Dataset items
━━━━━━━━━━

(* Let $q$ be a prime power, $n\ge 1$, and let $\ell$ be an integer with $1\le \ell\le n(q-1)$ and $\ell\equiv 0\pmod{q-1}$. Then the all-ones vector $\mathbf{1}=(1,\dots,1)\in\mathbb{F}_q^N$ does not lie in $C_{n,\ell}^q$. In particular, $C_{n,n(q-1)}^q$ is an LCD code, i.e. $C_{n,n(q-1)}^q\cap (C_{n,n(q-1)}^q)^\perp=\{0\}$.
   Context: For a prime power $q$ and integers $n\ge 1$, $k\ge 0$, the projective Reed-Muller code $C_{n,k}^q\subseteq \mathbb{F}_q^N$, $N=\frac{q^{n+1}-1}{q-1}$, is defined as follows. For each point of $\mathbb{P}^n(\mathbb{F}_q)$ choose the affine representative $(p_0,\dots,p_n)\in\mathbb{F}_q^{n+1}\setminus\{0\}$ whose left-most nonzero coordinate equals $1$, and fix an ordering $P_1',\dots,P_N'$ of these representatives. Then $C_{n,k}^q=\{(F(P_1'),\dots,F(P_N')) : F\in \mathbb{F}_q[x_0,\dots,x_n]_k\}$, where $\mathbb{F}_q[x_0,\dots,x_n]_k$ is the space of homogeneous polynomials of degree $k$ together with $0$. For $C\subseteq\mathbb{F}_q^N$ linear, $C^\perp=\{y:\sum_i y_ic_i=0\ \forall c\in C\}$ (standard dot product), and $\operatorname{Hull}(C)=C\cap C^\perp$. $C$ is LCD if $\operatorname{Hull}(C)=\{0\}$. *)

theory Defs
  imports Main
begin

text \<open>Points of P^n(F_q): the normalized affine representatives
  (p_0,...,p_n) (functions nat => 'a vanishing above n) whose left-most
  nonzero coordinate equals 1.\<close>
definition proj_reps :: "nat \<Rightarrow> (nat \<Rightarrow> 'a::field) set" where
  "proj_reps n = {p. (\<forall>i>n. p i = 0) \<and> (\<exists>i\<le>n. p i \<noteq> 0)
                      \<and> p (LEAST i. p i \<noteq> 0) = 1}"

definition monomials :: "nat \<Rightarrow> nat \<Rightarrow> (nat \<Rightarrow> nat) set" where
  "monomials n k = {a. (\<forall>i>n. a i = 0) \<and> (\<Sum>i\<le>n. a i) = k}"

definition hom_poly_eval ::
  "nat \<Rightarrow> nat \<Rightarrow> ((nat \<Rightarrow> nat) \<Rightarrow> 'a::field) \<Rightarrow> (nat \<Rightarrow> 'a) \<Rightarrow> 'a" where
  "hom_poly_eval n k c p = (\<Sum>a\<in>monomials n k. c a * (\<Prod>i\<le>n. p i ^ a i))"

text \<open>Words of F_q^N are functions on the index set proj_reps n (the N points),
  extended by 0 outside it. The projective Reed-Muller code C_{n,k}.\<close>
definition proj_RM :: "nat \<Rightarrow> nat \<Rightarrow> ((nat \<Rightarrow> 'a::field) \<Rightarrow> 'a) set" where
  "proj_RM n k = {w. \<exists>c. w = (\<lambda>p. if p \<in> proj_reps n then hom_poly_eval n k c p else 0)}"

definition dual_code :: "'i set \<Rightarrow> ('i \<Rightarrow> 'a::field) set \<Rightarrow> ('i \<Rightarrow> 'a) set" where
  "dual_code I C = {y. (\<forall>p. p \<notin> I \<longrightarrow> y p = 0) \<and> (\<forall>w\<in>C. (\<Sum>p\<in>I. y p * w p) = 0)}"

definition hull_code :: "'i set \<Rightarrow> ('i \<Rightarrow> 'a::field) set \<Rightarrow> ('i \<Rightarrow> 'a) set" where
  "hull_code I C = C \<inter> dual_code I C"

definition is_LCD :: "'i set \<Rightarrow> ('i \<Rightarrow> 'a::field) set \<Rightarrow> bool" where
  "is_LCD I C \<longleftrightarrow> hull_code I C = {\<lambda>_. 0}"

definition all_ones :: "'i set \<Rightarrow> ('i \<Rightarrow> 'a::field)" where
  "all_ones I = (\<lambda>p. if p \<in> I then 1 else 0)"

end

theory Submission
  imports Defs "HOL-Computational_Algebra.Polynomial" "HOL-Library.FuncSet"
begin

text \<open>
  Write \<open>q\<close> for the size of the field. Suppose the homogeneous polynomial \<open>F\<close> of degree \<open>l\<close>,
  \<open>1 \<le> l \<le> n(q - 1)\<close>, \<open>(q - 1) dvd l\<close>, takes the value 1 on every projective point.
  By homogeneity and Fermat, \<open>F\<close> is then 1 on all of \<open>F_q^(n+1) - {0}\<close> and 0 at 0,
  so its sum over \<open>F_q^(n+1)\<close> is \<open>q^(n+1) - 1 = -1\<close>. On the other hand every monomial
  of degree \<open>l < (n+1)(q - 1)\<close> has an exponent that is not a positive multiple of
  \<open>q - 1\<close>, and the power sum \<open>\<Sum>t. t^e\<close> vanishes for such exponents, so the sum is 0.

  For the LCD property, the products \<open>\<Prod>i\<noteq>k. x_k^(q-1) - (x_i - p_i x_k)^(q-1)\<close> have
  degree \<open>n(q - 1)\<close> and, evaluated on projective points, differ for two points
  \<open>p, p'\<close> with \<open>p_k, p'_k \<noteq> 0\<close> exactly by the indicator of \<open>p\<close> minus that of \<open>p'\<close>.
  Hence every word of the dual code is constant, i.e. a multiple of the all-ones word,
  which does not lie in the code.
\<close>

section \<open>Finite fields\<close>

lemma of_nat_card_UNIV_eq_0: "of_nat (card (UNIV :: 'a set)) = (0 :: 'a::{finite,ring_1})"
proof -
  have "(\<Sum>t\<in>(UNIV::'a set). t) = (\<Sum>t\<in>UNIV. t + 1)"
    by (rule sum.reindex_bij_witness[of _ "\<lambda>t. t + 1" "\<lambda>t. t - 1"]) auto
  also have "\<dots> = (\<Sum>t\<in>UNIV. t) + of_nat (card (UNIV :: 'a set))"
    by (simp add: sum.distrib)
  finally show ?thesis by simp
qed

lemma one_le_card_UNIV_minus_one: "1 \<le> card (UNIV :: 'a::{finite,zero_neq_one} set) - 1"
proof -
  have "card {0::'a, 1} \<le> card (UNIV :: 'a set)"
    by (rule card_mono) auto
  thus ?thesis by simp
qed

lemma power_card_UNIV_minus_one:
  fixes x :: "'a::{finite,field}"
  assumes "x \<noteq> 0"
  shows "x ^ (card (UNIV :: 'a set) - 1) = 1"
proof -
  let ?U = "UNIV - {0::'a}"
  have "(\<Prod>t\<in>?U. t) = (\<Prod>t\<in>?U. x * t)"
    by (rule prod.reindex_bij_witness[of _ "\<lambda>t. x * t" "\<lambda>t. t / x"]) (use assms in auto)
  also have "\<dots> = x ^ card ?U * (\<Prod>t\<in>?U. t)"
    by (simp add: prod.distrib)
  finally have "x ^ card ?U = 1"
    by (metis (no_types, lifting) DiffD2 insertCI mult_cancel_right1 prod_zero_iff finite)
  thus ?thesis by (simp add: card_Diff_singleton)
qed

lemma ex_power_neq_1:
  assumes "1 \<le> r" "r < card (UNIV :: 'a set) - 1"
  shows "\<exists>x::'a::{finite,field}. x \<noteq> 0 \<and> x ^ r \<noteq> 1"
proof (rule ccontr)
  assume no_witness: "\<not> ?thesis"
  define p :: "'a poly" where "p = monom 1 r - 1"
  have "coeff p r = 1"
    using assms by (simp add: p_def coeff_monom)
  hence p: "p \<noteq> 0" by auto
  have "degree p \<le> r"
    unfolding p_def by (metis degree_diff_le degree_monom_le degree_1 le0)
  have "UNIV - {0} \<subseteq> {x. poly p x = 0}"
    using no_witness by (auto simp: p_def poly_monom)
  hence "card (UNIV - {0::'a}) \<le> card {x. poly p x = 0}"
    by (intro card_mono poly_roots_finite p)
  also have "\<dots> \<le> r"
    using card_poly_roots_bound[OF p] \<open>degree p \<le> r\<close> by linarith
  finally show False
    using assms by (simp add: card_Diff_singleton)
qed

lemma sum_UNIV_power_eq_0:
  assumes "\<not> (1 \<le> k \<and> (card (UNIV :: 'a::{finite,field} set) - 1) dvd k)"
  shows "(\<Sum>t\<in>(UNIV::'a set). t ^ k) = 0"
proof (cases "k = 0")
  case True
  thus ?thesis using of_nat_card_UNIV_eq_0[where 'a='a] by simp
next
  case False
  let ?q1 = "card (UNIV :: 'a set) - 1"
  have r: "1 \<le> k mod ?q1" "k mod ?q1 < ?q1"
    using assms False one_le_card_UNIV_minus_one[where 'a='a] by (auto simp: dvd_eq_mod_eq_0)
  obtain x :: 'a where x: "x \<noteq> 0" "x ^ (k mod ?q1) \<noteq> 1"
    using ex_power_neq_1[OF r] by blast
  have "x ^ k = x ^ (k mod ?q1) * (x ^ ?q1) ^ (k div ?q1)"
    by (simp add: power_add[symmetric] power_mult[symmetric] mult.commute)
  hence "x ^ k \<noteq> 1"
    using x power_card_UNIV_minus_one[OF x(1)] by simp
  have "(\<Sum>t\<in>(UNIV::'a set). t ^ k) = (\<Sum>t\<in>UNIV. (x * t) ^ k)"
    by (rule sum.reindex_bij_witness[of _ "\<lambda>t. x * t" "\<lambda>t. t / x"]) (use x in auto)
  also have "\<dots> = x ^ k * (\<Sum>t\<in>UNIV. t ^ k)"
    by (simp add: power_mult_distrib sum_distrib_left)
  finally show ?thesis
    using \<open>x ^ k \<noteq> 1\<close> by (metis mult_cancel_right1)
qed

━━━━━━━━━━

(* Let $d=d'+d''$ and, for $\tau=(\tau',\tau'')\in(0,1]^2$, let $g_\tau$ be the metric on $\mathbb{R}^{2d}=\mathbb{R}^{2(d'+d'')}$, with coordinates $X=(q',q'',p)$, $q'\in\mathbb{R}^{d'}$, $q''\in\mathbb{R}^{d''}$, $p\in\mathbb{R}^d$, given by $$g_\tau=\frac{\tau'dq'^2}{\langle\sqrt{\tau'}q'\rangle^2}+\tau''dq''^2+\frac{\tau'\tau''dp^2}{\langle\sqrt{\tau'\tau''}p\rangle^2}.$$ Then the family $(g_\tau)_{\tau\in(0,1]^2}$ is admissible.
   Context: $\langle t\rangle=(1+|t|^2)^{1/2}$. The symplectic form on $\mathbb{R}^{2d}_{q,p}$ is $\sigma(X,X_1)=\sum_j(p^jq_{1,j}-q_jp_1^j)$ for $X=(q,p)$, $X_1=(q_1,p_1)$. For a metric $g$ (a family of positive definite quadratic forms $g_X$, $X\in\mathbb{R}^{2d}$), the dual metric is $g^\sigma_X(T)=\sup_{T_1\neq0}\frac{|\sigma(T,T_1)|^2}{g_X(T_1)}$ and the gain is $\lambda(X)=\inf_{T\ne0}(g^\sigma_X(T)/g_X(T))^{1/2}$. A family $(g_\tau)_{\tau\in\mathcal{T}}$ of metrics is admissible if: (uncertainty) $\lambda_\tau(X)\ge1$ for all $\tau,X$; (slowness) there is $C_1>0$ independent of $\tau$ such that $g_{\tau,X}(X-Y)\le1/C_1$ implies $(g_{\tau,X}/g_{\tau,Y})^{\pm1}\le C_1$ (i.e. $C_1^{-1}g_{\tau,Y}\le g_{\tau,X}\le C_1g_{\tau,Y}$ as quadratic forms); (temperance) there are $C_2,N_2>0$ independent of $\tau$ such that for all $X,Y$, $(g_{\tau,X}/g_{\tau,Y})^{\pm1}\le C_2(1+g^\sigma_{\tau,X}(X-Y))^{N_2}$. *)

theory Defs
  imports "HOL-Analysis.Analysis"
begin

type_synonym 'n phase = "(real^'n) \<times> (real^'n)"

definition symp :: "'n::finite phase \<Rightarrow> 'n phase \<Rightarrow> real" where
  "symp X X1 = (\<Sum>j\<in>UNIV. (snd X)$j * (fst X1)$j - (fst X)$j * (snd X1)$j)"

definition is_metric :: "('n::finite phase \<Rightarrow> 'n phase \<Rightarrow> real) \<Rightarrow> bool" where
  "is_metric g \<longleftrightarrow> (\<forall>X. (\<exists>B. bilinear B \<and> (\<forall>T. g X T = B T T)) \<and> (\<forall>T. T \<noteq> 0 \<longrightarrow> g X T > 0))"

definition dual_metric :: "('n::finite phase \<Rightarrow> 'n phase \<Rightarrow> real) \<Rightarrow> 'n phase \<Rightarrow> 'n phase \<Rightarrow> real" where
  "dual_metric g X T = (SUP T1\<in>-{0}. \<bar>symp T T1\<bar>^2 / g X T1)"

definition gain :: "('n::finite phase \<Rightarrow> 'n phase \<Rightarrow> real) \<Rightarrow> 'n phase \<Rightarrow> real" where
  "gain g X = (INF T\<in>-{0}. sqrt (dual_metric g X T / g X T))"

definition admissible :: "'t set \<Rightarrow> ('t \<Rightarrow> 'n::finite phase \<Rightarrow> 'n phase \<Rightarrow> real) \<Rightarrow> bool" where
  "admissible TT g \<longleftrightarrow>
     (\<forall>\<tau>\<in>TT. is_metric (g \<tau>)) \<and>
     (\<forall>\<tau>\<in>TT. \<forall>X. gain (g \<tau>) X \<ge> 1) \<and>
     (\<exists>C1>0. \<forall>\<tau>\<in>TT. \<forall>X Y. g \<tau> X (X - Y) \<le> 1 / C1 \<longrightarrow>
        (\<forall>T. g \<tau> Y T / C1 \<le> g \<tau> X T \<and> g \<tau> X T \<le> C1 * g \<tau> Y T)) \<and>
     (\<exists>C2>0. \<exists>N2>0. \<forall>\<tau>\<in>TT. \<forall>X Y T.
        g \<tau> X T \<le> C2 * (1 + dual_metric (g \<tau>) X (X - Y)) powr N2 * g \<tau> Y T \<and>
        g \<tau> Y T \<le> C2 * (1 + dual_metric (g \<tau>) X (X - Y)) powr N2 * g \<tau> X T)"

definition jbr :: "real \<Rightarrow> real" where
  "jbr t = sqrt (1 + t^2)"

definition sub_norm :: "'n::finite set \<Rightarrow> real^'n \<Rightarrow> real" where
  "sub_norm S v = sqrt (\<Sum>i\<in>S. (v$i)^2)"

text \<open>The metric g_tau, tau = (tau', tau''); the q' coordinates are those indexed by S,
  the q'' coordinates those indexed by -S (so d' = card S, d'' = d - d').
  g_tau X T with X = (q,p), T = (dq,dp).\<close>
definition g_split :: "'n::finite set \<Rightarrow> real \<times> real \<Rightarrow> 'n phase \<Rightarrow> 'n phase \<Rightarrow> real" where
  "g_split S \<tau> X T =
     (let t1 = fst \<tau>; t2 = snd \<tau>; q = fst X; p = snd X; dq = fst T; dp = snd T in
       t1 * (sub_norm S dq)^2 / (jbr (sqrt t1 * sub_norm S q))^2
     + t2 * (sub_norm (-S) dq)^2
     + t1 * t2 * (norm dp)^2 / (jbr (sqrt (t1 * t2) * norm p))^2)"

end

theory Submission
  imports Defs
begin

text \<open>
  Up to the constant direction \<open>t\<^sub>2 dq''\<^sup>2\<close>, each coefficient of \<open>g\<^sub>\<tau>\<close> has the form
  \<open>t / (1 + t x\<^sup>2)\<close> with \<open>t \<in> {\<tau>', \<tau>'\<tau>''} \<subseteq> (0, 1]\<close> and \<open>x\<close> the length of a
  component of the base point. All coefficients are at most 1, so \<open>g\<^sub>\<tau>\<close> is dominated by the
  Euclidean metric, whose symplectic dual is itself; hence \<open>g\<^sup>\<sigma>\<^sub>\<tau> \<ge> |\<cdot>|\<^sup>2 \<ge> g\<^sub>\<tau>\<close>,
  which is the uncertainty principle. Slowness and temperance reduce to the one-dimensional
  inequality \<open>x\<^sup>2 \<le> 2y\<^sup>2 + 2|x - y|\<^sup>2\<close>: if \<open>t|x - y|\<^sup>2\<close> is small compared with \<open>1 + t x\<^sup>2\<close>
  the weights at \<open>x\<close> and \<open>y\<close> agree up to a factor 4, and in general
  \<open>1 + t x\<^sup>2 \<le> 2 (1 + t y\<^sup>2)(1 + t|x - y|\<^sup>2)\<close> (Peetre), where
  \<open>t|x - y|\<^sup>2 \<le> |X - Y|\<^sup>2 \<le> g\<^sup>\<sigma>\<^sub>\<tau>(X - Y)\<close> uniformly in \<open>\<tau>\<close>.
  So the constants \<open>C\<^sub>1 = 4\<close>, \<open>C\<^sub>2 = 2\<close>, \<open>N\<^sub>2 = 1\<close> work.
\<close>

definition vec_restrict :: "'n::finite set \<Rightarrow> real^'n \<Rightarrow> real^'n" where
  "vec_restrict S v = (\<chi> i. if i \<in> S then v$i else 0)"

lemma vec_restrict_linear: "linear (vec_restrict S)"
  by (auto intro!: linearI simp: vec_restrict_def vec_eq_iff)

━━━━━━━━━━

Make a copy of each line in the records that has the word "monomials".

definition monomials :: "nat \<Rightarrow> nat \<Rightarrow> (nat \<Rightarrow> nat) set" where
  "monomials n k = {a. (\<forall>i>n. a i = 0) \<and> (\<Sum>i\<le>n. a i) = k}"
  "hom_poly_eval n k c p = (\<Sum>a\<in>monomials n k. c a * (\<Prod>i\<le>n. p i ^ a i))"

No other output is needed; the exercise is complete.